Numbers are used for just about everything in the financial world. Companies report their results using numbers, investors trade in terms of numbers, and most everything is evaluated by numbers. On the face of financial reports, most of these numbers are representative of some type of currency such as the US dollar, which are then evaluated based on more numbers in the form of ratios.
Numbers may be used for more than just determining the strength of a company’s financial statements, though. They can also be used for evaluating the quality of financial statements. One method is the application of Benford’s Law, which states that many kinds of number sets should follow a logarithmic distribution known as Benford’s distribution.
Frank Benford, a physicist at General Electric back in the 1930s, first hypothesized the distribution that now carries his name after noticing that the first pages of the logarithm books were significantly more worn than the later pages. (This was before the time of electronic calculators, of course.) Inspired, he investigated over 20,000 numbers culled from various sources, and defined the distribution in a research paper published in 1938. In the paper, he found that about 30% of the numbers investigated began with the digit 1, 18% began with 2, and so on, with about 5% beginning with 9.
Many explanations for this phenomenon have been proposed. One, based on an intuition, is as follows. Consider the absolute difference between two numbers. Most people can easily understand that the incremental rise from 1 to 2 or from 8 to 9 is the same, namely 1. On the face of it, these seem like equal increase. If, however, we think in terms of percentage growth – like investors do – we see that the “distance” between 1 and 2 (100%) is much larger than that between 8 and 9 (12.5%). This is a characteristic of logarithmic scales.
A lot of research suggests that Benford’s Law can be used to detect anomalies in data, whether from clerical errors, random chance, or outright manipulation. When a set of numbers expected to conform to the distribution do not do so, this can be a sign that there is something wrong with the data.
Though not a perfect representation, one can see how the Excel random number generator compares to Benford’s distribution. The large deviation is because the random number generator works off of the notion that every number (in this case 1-9) has an even chance (11.1%) of being selected. How does this relate to fraud? An individual attempting to commit fraud will be very unlikely to manipulate numbers in such a way as to conform with the Benford distribution. Even if the person cleverly succeeds in making up “random” numbers, the resulting distribution will still deviate from the expected distribution.
Benford’s Law has been used to detect fraud in accounting for some time, thanks in large part to the work of Professor Mark Nigrini. The distribution is most often used on an individual account basis, such as accounts payable, to detect the over or under use of certain digits. But recent research has led to an increased use of the law in analyzing financial statements themselves.
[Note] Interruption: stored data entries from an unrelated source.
lemma aa1_CT_gap_has_derivative:
  assumes "aa1_CT_solution f0 f1 a0 b0 pA pB" "t \<ge> 0"
  shows "((\<lambda>t. pA t - pB t) has_real_derivative
           (pA t - pB t) * (transition_gap f0 f1 (min (pA t) (pB t)) - 1)) (at t within {0..})"
proof -
  let ?m = "aa1_rate (pA t) (pB t)"
  have "((\<lambda>t. pA t - pB t) has_real_derivative ct_rhs f0 f1 (pA t) 0 ?m - ct_rhs f0 f1 (pB t) 0 ?m)
          (at t within {0..})"
    using assms unfolding aa1_CT_solution_def by (intro DERIV_diff) auto
  then show ?thesis by (simp add: ct_rhs_def transition_gap_def aa1_rate_eq_min algebra_simps)
qed

lemma aa1_DT_Suc_eq:
  assumes "aa1_DT f0 f1 a0 b0 t = (a, b)"
  shows "aa1_DT f0 f1 a0 b0 (Suc t) = (upd f0 f1 a 0 (min a b), upd f0 f1 b 0 (min a b))"
  using assms by (simp add: aa1_rate_eq_min Let_def)

lemma aa1_DT_gap_Suc:
  assumes "aa1_DT f0 f1 a0 b0 t = (a, b)"
  shows "fst (aa1_DT f0 f1 a0 b0 (Suc t)) - snd (aa1_DT f0 f1 a0 b0 (Suc t))
           = (a - b) * transition_gap f0 f1 (min a b)"
  unfolding aa1_DT_Suc_eq[OF assms] by (simp add: upd_eq_transition_gap algebra_simps)

locale status_quo_bias =
  fixes f0 f1 :: "real \<Rightarrow> real \<Rightarrow> real"
  assumes slice_bounds: "\<And>y. y \<in> {0..1} \<Longrightarrow> 0 \<le> f0 0 y \<and> f0 0 y \<le> f1 0 y \<and> f1 0 y \<le> 1"
begin

lemma transition_gap_bounds:
  assumes "y \<in> {0..1}"
  shows "0 \<le> transition_gap f0 f1 y" "transition_gap f0 f1 y \<le> 1"
  using slice_bounds[OF assms] by (auto simp: transition_gap_def)

lemma upd_range:
  assumes "p \<in> {0..1}" "m \<in> {0..1}"
  shows "upd f0 f1 p 0 m \<in> {0..1}"
proof -
  have "p * transition_gap f0 f1 m \<le> transition_gap f0 f1 m"
    using assms transition_gap_bounds[OF assms(2)] by (simp add: mult_left_le_one_le)
  then show ?thesis
    using assms slice_bounds[OF assms(2)] transition_gap_bounds[OF assms(2)]
    by (simp add: upd_eq_transition_gap transition_gap_def)
qed

lemma min_upd:
  assumes "m \<in> {0..1}"
  shows "min (upd f0 f1 a 0 m) (upd f0 f1 b 0 m) = upd f0 f1 (min a b) 0 m"
proof -
  have mono: "x * transition_gap f0 f1 m \<le> y * transition_gap f0 f1 m" if "x \<le> y" for x y
    using that transition_gap_bounds[OF assms] by (intro mult_right_mono)
  show ?thesis
    using mono[of a b] mono[of b a] by (auto simp: upd_eq_transition_gap min_def)
qed

lemma aa1_DT_range:
  assumes "a0 \<in> {0..1}" "b0 \<in> {0..1}"
  shows "aa1_DT f0 f1 a0 b0 t \<in> {0..1} \<times> {0..1}"
proof (induction t)
  case (Suc t)
  then obtain a b where ab: "aa1_DT f0 f1 a0 b0 t = (a, b)" "a \<in> {0..1}" "b \<in> {0..1}" by auto
  moreover have "min a b \<in> {0..1}" using ab by auto
  ultimately have "upd f0 f1 a 0 (min a b) \<in> {0..1}" "upd f0 f1 b 0 (min a b) \<in> {0..1}"
    using upd_range by blast+
  then show ?case unfolding aa1_DT_Suc_eq[OF ab(1)] by simp
qed (use assms in simp)

lemma min_aa1_DT_eq_fdyn_iterate:
  assumes "a0 \<in> {0..1}" "b0 \<in> {0..1}"
  shows "case_prod min (aa1_DT f0 f1 a0 b0 t) = (fdyn f0 f1 ^^ t) (min a0 b0)"
proof (induction t)
  case (Suc t)
  obtain a b where ab: "aa1_DT f0 f1 a0 b0 t = (a, b)" by fastforce
  then have "min a b \<in> {0..1}" using aa1_DT_range[OF assms, of t] by auto
  then have "case_prod min (aa1_DT f0 f1 a0 b0 (Suc t)) = fdyn f0 f1 (min a b)"
    unfolding aa1_DT_Suc_eq[OF ab] by (simp add: min_upd fdyn_eq_upd)
  then show ?case using Suc ab by simp
qed simp

lemma aa1_DT_gap_tendsto_zero:
  assumes a0: "a0 \<in> {0..1}" and b0: "b0 \<in> {0..1}"
    and conv: "(\<lambda>t. (fdyn f0 f1 ^^ t) (min a0 b0)) \<longlonglongrightarrow> q"
    and gap_q: "transition_gap f0 f1 q < 1"
    and gap_cont: "continuous (at q within {0..1}) (transition_gap f0 f1)"
  shows "(\<lambda>t. \<bar>fst (aa1_DT f0 f1 a0 b0 t) - snd (aa1_DT f0 f1 a0 b0 t)\<bar>) \<longlonglongrightarrow> 0"
proof -
  define m where "m t = (fdyn f0 f1 ^^ t) (min a0 b0)" for t
  have m_range: "m t \<in> {0..1}" for t
    using aa1_DT_range[OF a0 b0, of t] min_aa1_DT_eq_fdyn_iterate[OF a0 b0, of t]
    by (auto simp: m_def split: prod.splits)
  have "(\<lambda>t. fst (aa1_DT f0 f1 a0 b0 t) - snd (aa1_DT f0 f1 a0 b0 t)) \<longlonglongrightarrow> 0"
  proof (rule LIMSEQ_zero_if_multiplier_tendsto_less_one)
    fix t
    obtain a b where ab: "aa1_DT f0 f1 a0 b0 t = (a, b)" by fastforce
    show "fst (aa1_DT f0 f1 a0 b0 (Suc t)) - snd (aa1_DT f0 f1 a0 b0 (Suc t))
            = (fst (aa1_DT f0 f1 a0 b0 t) - snd (aa1_DT f0 f1 a0 b0 t)) * transition_gap f0 f1 (m t)"
      using aa1_DT_gap_Suc[OF ab] min_aa1_DT_eq_fdyn_iterate[OF a0 b0, of t] ab
      by (simp add: m_def)
    show "0 \<le> transition_gap f0 f1 (m t)" using transition_gap_bounds m_range by blast
  next
    show "(\<lambda>t. transition_gap f0 f1 (m t)) \<longlonglongrightarrow> transition_gap f0 f1 q"
      using continuous_within_tendsto_compose[OF gap_cont _ conv] m_range by (simp add: m_def)
  qed (rule gap_q)
  then show ?thesis by (rule tendsto_rabs_zero)
qed

lemma aa1_CT_order_preserved:
  assumes sol: "aa1_CT_solution f0 f1 a0 b0 pA pB" and "b0 \<le> a0" "t \<ge> 0"
  shows "pB t \<le> pA t"
proof -
  have gap_le: "transition_gap f0 f1 (min (pA s) (pB s)) - 1 \<le> 0" if "s \<ge> 0" for s
  proof -
    have "pA s \<in> {0..1}" "pB s \<in> {0..1}" using sol that by (simp_all add: aa1_CT_solution_def)
    then have "min (pA s) (pB s) \<in> {0..1}" by (simp add: min_def)
    then show ?thesis using transition_gap_bounds by simp
  qed
  have "pA 0 - pB 0 \<ge> 0" using sol \<open>b0 \<le> a0\<close> by (simp add: aa1_CT_solution_def)
  then have "pA t - pB t \<ge> 0"
    using nonneg_if_linear_ODE[where D = "\<lambda>t. pA t - pB t"
        and h = "\<lambda>s. transition_gap f0 f1 (min (pA s) (pB s)) - 1"]
      aa1_CT_gap_has_derivative[OF sol] gap_le \<open>t \<ge> 0\<close>
    by blast
  then show ?thesis by simp
qed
While the process of using Benford’s Law to detect fraud on an account basis has been around for some time, a recent paper entitled Financial Statement Irregularities: Evidence from the Distributional Properties of Financial Statement Numbers by Dan Amiram, Zahn Bozanic and Ethan Rouen explores the use of Benford’s distribution on the face of financial statements. In an overview, the authors found that 1) financial statements, as a whole, conform to the distribution and 2) individual divergences from the distribution “may reflect the informational quality of financial disclosures.” This means that the numbers on the face of financial statements should conform to Benford’s distribution and those financial statements that do not may be of poor quality.
The authors used two metrics in measuring a financial statements’ adherence to Benford’s distribution. The first is the Kolmogorov-Smirnoff (KS) statistic, which compares the largest single deviation to a critical value. This allows for a definitive pass or fail answer. The second is the Mean Absolute Deviation (MAD) statistic, which finds the average deviation of the actual distribution to the ideal Benford distribution.
The authors showed that deviations from the Benford distribution are correlated with restatements and Accounting and Auditing Enforcement Releases (AAER). In the remainder of this post, we investigate whether deviation from Benford’s distribution may be predictive of other issues such as adverse 302 and 404 opinions, and non-timely financial reports.
By using XBRL data from 2010-2012 we apply a crude version (meaning we do not control for variables) of the KS statistic on a population of 18,086 financial statements. Roughly 7% of these financial statements failed the KS statistic at a 20% confidence interval. The results are as follows:
Companies that failed the KS statistic were 30% more likely to have an adverse 302 opinion, 45% more likely to have an adverse 404 opinion and 50% more likely to file a non-timely filing in the following two years. This means companies with financial statements that do not conform to Benford’s distribution have a greater chance of having poor internal and disclosure controls. And having poor internal and disclosure controls can lead to low quality financials either due to intentional or unintentional means. This type of environment will often lead to unfavorable outcomes such as non-timely filings and restatements.
While Benford’s Law should not be used as a decision making tool by itself, it may prove to be a useful screening tool to indicate that a set of financial statements deserves a deeper analysis.